Friday, July 6, 2012

Curious Night at the Cantina

Whilst I have already experienced a wide range of London Visual/Viral culture, I have to say that CANTINA is different owing to its openness in expressing the hardships of a relationship. Allow me to document some of its more memorable provocations that excite some and horrify others. 

Cantina, from an entertainment standpoint, was visually stunning. The inside of the performance tent was warm, and dimly lit to set the mood of sensuality and closeness;   the stage was a circle and we were huddled around on all sides as if peering into a private world that was not meant to seen. As soon as the actors started preforming, they opened the doors to the private world of mental struggle in a long term relationship. 

The beginning tight rope scene shows how things start off when you meet someone new. They hold your hand, they dance with you, they keep you from falling down; everything is balanced. Your life together runs smoothly and everything is perfect, but time passes, and things don't always stay the same. Patience dwindles as you continue on, and we find ourselves looking upon a man being stepped on with stiletto heels. Even though it pains him, he still supports her. She is difficult, she wants to do things her way, and he lets her. Relationships require give and take. We don't always like what is happening to us but we love the other person so we let them have their way, out of fear that we could be hurt worse. But things don't always get better with time. We see this when the man and woman are violently dancing. He rips her clothes of, she stands her ground. They started off holding hands, now all they want to do is hurt each other. Their relationship has gone sour and all that's left to do is to leave the stage. The man is being punched time and time again, the relationship is over. It hurts but it eventually stops. The girl is dancing, but she is broken and has nobody there to help her. A man comes along, and helps her mend her broken pieces. He is the rebound, he helped her get on her feet. She takes the help, and the distraction, then leaves. We then arrive at the final stage of a relationship, walking on glass. Even though the pain is there, the actresses can stand on their own too feet. Moving on is the most painful part, but you just have to grit your teeth and bare it.

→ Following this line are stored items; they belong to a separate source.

(* Let $P$ be an Eulerian poset of rank $d\ge 3$ with $f$-vector $(f_{-1},\dots,f_d)$. Then $\mathcal{M}_P(z)=\sum_{-1\le i\le j\le d}N_{i,j}(-z)^{j-i}$, and all $N_{i,j}$ are determined by the $f$-vector together with the values $N_{i,j}$ for $0\le i$, $i+2\le j\le d-2$, as follows: $N_{r,r}=N_{-1,r}=N_{r,d}=f_r$ for $-1\le r\le d$; $N_{0,1}=2f_1$; for $1\le i\le d-3$, $$N_{i,i+1}=\bigl((-1)^i+1\bigr)f_{i+1}+\sum_{k=0}^{i-1}(-1)^{i+1-k}N_{k,i+1};$$ $N_{d-2,d-1}=2f_{d-2}$; and for $0\le i\le d-3$, $$N_{i,d-1}=\bigl((-1)^{d-i}+1\bigr)f_i+\sum_{j=i+1}^{d-2}(-1)^{d-j}N_{i,j}.$$ In particular, $\mathcal{M}_P(z)$ is determined by the $f$-vector and the numbers $N_{i,j}$ with $0<i+1<j<d-1$.
   Context: A ranked poset is a finite poset with a rank function $|\cdot|$ such that covering relations increase rank by one and minimal elements have rank $-1$; $f_r$ is the number of elements of rank $r$. The Möbius function is $\mu[p,p]=1$, $\mu[p,q]=-\sum_{p\le s<q}\mu[p,s]$ for $p<q$, $0$ if $p\not\le q$. An Eulerian poset is a ranked poset with unique minimum and maximum elements such that $\mu[p,q]=(-1)^{|q|-|p|}$ for all $p\le q$. For $-1\le i\le j\le d$, $N_{i,j}$ is the number of pairs $(p,q)$ with $p\le q$, $|p|=i$, $|q|=j$. The Möbius polynomial is $\mathcal{M}_P(z)=\sum_{p\le q\in P}\mu[p,q]z^{|q|-|p|}$. *)

theory Defs
  imports "HOL-Computational_Algebra.Polynomial"
begin

definition poset_on :: "'a set \<Rightarrow> ('a \<Rightarrow> 'a \<Rightarrow> bool) \<Rightarrow> bool" where
  "poset_on P le \<longleftrightarrow> finite P \<and> (\<forall>p\<in>P. le p p)
     \<and> (\<forall>p\<in>P. \<forall>q\<in>P. le p q \<and> le q p \<longrightarrow> p = q)
     \<and> (\<forall>p\<in>P. \<forall>q\<in>P. \<forall>s\<in>P. le p q \<and> le q s \<longrightarrow> le p s)"

definition covers :: "'a set \<Rightarrow> ('a \<Rightarrow> 'a \<Rightarrow> bool) \<Rightarrow> 'a \<Rightarrow> 'a \<Rightarrow> bool" where
  "covers P le p q \<longleftrightarrow> le p q \<and> p \<noteq> q \<and> \<not> (\<exists>s\<in>P. le p s \<and> le s q \<and> s \<noteq> p \<and> s \<noteq> q)"

definition ranked_poset :: "'a set \<Rightarrow> ('a \<Rightarrow> 'a \<Rightarrow> bool) \<Rightarrow> ('a \<Rightarrow> int) \<Rightarrow> bool" where
  "ranked_poset P le rk \<longleftrightarrow> poset_on P le
     \<and> (\<forall>p\<in>P. \<forall>q\<in>P. covers P le p q \<longrightarrow> rk q = rk p + 1)
     \<and> (\<forall>p\<in>P. (\<forall>q\<in>P. le q p \<longrightarrow> q = p) \<longrightarrow> rk p = -1)"

definition mobius :: "'a set \<Rightarrow> ('a \<Rightarrow> 'a \<Rightarrow> bool) \<Rightarrow> 'a \<Rightarrow> 'a \<Rightarrow> int" where
  "mobius P le = (THE m. (\<forall>p q. (p \<notin> P \<or> q \<notin> P) \<longrightarrow> m p q = 0) \<and>
      (\<forall>p\<in>P. \<forall>q\<in>P. m p q =
         (if p = q then 1
          else if le p q then - (\<Sum>s\<in>{s\<in>P. le p s \<and> le s q \<and> s \<noteq> q}. m p s)
          else 0)))"

definition eulerian :: "'a set \<Rightarrow> ('a \<Rightarrow> 'a \<Rightarrow> bool) \<Rightarrow> ('a \<Rightarrow> int) \<Rightarrow> bool" where
  "eulerian P le rk \<longleftrightarrow> ranked_poset P le rk
     \<and> (\<exists>b\<in>P. \<forall>p\<in>P. le b p) \<and> (\<exists>t\<in>P. \<forall>p\<in>P. le p t)
     \<and> (\<forall>p\<in>P. \<forall>q\<in>P. le p q \<longrightarrow> mobius P le p q = (-1) ^ nat (rk q - rk p))"

definition fvec :: "'a set \<Rightarrow> ('a \<Rightarrow> int) \<Rightarrow> int \<Rightarrow> nat" where
  "fvec P rk r = card {p\<in>P. rk p = r}"

definition Npairs :: "'a set \<Rightarrow> ('a \<Rightarrow> 'a \<Rightarrow> bool) \<Rightarrow> ('a \<Rightarrow> int) \<Rightarrow> int \<Rightarrow> int \<Rightarrow> nat" where
  "Npairs P le rk i j = card {(p, q). p \<in> P \<and> q \<in> P \<and> le p q \<and> rk p = i \<and> rk q = j}"

definition mobius_poly :: "'a set \<Rightarrow> ('a \<Rightarrow> 'a \<Rightarrow> bool) \<Rightarrow> ('a \<Rightarrow> int) \<Rightarrow> int poly" where
  "mobius_poly P le rk =
     (\<Sum>(p, q)\<in>{(p, q). p \<in> P \<and> q \<in> P \<and> le p q}. monom (mobius P le p q) (nat (rk q - rk p)))"

end

theory Submission
  imports Defs
begin

(* In an Eulerian poset every proper interval [p, q] satisfies the Euler relation
   sum_{p <= s <= q} (-1)^(|s| - |p|) = 0, which is the recursion of the Moebius function
   for mu[p, s] = (-1)^(|s| - |p|). Summing it over the intervals [0^, q] with |q| = m and
   [p, 1^] with |p| = i gives the linear relations
   sum_k (-1)^(k+1) N_{k,m} = 0  and  sum_k (-1)^(d-k) N_{i,k} = 0,
   and since 0^ and 1^ are the only elements of ranks -1 and d, N_{r,r} = N_{-1,r} = N_{r,d} = f_r.
   Solving the first relation for N_{i,i+1} and the second for N_{i,d-1} gives the formulas,
   and grouping the pairs p <= q of M_P by their ranks gives its expansion in the N_{i,j}.
   Consequently the entries N_{i,i+1} are determined successively from interior entries,
   then the entries N_{i,d-1}, and with them the whole polynomial. *)

definition interval :: "'a set \<Rightarrow> ('a \<Rightarrow> 'a \<Rightarrow> bool) \<Rightarrow> 'a \<Rightarrow> 'a \<Rightarrow> 'a set" where
  "interval P le p q = {s\<in>P. le p s \<and> le s q}"

lemma card_interval_shrink_top:
  assumes po: "poset_on P le" and "p \<in> P" "q \<in> P" "s \<in> P" "le p s" "le s q" "s \<noteq> q"
  shows "card (interval P le p s) < card (interval P le p q)"
proof (rule psubset_card_mono)
  show "finite (interval P le p q)" using po by (simp add: poset_on_def interval_def)
  show "interval P le p s \<subset> interval P le p q"
    using assms unfolding poset_on_def interval_def by blast
qed

lemma card_interval_shrink_bot:
  assumes po: "poset_on P le" and "p \<in> P" "q \<in> P" "s \<in> P" "le p s" "le s q" "s \<noteq> p"
  shows "card (interval P le s q) < card (interval P le p q)"
proof (rule psubset_card_mono)
  show "finite (interval P le p q)" using po by (simp add: poset_on_def interval_def)
  show "interval P le s q \<subset> interval P le p q"
    using assms unfolding poset_on_def interval_def by blast
qed

(* mobius is defined by THE, so its recursion is available only once a solution is exhibited. *)
function mobius_fun :: "'a set \<Rightarrow> ('a \<Rightarrow> 'a \<Rightarrow> bool) \<Rightarrow> 'a \<Rightarrow> 'a \<Rightarrow> int" where
  "mobius_fun P le p q =
     (if p \<notin> P \<or> q \<notin> P then 0
      else if p = q then 1
      else if le p q \<and> poset_on P le
      then - (\<Sum>s\<in>{s\<in>P. le p s \<and> le s q \<and> s \<noteq> q}. mobius_fun P le p s)
      else 0)"
  by pat_completeness auto
termination
  by (relation "measure (\<lambda>(P, le, p, q). card (interval P le p q))")
     (auto intro: card_interval_shrink_top)

declare mobius_fun.simps [simp del]

lemma mobius_fun_unique:
  assumes "poset_on P le"
    and "\<forall>p q. p \<notin> P \<or> q \<notin> P \<longrightarrow> m p q = 0"
    and "\<forall>p\<in>P. \<forall>q\<in>P. m p q =
           (if p = q then 1
            else if le p q then - (\<Sum>s\<in>{s\<in>P. le p s \<and> le s q \<and> s \<noteq> q}. m p s)
            else 0)"
  shows "m p q = mobius_fun P le p q"
  using assms
proof (induction P le p q rule: mobius_fun.induct)
  case (1 P le p q)
  then show ?case
    by (subst mobius_fun.simps) (auto intro!: sum.cong)
qed

lemma mobius_eq_mobius_fun:
  assumes "poset_on P le"
  shows "mobius P le = mobius_fun P le"
  unfolding mobius_def
proof (rule the_equality, goal_cases)
  case 1
  show ?case using assms by (intro conjI allI ballI impI; subst mobius_fun.simps; simp)
next
  case (2 m)
  then show ?case using mobius_fun_unique[OF assms] by blast
qed

lemma mobius_rec:
  assumes "poset_on P le" and "p \<in> P" "q \<in> P" "le p q" "p \<noteq> q"
  shows "mobius P le p q = - (\<Sum>s\<in>{s\<in>P. le p s \<and> le s q \<and> s \<noteq> q}. mobius P le p s)"
  using assms by (simp add: mobius_eq_mobius_fun) (subst mobius_fun.simps, simp)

These performers interpreted the mental struggles of a relationship exquisitely.

There were parts of the show, however, that took away from the beautiful interpretation, one being the full frontal nudity scene.  This show was about mental struggles in a relationship. It was about being pushed down by one and picked up by another, not about penises. I was extremely offended by the scene and it tarnished my overall view of the performance. When I look back at the show I remember how unnecessary that scene was before I remember anything else. Being in a room full of men and women swooning over these performers made me realize how different my views are in relation to this city’s. While the scene damaged a beautiful story in my eyes, I am sure it enhanced the story to others.  Sexuality is something not to be afraid of in London, yet here I am, living in a city full of sex, afraid of sexuality.